[Start of section]

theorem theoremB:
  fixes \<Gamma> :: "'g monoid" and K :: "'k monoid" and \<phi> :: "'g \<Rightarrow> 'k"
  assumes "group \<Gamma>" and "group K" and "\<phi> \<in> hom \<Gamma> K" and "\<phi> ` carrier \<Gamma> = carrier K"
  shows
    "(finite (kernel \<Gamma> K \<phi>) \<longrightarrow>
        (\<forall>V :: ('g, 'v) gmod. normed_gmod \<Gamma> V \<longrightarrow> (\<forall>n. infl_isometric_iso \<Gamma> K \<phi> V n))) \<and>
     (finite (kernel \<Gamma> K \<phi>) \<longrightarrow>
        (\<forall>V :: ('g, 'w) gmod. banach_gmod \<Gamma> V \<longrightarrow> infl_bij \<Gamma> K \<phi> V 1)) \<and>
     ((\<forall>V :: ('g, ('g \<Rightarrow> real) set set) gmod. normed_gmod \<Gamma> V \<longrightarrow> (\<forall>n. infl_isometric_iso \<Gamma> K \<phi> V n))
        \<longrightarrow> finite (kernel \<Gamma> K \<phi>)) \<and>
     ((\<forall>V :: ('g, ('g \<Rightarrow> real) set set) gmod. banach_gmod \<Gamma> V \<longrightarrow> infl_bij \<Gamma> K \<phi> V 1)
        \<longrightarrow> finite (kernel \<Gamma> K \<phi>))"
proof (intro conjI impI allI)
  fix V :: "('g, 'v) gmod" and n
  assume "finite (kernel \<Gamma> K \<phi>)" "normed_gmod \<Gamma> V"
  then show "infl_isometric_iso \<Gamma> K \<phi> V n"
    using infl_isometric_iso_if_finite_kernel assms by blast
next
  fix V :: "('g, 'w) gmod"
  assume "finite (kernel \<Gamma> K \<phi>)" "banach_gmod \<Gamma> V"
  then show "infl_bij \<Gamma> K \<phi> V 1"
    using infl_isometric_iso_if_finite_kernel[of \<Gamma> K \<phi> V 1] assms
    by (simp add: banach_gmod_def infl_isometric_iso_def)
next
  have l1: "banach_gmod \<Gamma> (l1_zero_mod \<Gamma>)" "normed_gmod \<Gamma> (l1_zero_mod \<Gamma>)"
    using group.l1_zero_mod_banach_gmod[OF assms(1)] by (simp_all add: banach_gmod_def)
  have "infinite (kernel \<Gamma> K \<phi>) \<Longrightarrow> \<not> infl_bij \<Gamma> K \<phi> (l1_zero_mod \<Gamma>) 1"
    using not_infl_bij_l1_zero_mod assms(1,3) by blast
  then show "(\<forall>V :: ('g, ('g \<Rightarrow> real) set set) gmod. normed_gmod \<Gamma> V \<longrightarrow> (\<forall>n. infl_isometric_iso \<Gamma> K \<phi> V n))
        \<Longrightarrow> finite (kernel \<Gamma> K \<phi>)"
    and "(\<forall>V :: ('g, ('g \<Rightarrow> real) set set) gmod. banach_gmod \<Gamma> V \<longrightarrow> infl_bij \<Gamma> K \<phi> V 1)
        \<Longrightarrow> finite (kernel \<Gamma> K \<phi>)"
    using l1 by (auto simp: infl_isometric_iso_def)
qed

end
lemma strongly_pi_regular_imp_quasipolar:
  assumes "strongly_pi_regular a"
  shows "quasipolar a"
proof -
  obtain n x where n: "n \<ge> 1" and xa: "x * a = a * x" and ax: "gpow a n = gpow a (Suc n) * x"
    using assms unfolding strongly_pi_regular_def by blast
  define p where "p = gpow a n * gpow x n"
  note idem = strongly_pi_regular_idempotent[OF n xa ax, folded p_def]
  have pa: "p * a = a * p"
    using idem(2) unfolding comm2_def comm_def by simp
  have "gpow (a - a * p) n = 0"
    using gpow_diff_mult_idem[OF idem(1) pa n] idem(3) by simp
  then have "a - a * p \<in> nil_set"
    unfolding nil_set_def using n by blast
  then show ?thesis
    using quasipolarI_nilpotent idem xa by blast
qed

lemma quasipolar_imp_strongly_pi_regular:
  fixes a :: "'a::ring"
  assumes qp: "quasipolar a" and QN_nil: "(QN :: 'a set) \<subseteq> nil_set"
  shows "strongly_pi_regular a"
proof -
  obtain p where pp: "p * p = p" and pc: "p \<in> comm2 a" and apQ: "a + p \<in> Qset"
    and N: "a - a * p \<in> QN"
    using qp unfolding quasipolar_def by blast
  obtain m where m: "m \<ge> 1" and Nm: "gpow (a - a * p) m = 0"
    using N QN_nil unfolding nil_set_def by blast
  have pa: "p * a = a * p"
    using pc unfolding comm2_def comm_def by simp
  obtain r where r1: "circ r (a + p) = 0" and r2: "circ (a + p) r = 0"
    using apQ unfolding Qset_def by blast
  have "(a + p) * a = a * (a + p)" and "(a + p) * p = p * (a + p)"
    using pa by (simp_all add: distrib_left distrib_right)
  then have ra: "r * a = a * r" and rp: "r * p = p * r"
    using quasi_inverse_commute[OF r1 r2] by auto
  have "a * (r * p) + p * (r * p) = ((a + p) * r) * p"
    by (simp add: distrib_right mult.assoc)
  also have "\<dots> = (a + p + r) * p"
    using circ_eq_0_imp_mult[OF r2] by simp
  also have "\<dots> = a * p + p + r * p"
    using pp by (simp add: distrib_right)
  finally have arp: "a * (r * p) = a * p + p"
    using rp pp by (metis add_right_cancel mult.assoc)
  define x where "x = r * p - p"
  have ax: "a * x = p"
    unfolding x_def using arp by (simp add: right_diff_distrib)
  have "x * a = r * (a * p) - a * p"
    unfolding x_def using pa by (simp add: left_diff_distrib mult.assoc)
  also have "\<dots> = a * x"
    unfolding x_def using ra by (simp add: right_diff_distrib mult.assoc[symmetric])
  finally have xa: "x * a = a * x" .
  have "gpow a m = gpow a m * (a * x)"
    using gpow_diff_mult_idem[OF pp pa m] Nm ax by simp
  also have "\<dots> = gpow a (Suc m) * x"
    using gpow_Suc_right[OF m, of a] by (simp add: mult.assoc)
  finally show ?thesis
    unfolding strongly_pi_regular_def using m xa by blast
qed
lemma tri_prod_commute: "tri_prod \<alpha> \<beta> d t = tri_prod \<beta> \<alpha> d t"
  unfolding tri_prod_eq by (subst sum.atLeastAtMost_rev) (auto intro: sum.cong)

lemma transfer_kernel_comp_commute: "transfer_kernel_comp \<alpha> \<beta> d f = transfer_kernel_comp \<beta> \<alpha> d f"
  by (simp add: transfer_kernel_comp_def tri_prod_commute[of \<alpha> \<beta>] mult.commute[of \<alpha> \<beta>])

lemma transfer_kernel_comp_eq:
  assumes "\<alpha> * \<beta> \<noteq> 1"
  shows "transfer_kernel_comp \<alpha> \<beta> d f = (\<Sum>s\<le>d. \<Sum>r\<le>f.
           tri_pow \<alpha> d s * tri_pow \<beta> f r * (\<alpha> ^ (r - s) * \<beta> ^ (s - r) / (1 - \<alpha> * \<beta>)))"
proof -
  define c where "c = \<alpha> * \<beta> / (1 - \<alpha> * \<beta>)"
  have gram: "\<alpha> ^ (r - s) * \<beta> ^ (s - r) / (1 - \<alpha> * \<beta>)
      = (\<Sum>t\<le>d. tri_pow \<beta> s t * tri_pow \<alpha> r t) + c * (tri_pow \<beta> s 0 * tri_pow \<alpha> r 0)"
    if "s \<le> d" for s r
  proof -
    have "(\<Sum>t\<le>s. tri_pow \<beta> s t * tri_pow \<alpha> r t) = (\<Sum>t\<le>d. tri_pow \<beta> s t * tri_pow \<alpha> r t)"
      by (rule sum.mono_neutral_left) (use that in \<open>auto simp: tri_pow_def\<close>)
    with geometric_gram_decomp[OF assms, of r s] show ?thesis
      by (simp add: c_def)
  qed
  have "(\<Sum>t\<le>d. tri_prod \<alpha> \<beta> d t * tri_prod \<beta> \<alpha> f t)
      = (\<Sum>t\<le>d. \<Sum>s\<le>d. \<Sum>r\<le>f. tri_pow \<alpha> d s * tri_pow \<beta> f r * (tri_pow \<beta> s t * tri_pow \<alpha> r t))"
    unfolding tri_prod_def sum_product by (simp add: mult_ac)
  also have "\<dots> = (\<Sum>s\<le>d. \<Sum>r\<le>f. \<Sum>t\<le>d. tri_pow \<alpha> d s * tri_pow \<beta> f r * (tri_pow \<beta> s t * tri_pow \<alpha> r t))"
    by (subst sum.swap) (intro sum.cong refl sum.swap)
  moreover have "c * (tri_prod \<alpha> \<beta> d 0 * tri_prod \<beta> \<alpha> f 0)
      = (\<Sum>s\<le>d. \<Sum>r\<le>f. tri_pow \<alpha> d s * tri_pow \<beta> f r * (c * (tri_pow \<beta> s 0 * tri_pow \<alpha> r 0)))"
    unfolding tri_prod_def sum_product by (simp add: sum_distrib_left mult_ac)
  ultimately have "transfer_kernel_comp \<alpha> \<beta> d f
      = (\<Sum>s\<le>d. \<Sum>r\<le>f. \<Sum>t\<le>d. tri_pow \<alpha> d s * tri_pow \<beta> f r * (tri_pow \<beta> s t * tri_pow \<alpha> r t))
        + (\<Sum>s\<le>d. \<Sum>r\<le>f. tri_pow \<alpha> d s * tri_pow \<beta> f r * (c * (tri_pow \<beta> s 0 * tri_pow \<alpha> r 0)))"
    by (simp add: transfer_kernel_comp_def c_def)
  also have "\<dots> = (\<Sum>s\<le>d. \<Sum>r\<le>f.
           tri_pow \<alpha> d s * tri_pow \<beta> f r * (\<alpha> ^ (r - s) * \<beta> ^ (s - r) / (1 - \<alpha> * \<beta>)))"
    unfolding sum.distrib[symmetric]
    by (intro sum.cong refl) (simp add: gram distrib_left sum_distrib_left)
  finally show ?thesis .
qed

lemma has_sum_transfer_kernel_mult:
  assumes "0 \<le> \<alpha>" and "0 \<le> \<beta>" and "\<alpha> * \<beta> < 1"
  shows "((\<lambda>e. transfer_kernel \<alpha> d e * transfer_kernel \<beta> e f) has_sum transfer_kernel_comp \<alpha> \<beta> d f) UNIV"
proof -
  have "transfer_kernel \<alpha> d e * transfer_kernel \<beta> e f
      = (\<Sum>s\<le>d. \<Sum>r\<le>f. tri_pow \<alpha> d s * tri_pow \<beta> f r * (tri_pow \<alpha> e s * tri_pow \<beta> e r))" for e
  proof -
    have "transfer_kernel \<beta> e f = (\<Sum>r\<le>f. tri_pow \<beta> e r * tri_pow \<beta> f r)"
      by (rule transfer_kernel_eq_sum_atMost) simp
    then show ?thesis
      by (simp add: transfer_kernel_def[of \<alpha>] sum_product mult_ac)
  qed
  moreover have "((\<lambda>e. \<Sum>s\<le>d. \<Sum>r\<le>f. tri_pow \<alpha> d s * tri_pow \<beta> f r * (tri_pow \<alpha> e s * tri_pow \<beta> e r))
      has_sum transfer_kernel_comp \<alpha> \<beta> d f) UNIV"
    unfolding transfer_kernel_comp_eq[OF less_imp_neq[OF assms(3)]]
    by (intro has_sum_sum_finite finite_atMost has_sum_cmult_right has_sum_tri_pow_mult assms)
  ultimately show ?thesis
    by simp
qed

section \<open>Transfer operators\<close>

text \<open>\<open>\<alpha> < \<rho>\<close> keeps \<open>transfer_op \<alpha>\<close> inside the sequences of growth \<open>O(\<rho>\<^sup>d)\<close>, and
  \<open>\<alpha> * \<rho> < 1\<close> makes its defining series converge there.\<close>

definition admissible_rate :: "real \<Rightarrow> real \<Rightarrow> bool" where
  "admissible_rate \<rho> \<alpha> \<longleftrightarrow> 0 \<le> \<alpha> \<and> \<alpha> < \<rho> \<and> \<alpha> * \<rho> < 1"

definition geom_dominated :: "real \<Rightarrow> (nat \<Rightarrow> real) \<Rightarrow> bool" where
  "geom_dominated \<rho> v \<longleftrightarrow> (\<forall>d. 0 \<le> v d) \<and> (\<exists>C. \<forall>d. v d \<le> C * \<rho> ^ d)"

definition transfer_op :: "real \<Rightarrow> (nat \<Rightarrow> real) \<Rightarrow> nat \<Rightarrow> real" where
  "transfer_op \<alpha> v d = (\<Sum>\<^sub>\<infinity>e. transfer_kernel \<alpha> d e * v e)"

[End of section]

__Assignment__: I'd like every line with the string "bool" copied from the listing.

__Result__:
definition admissible_rate :: "real \<Rightarrow> real \<Rightarrow> bool" where
definition geom_dominated :: "real \<Rightarrow> (nat \<Rightarrow> real) \<Rightarrow> bool" where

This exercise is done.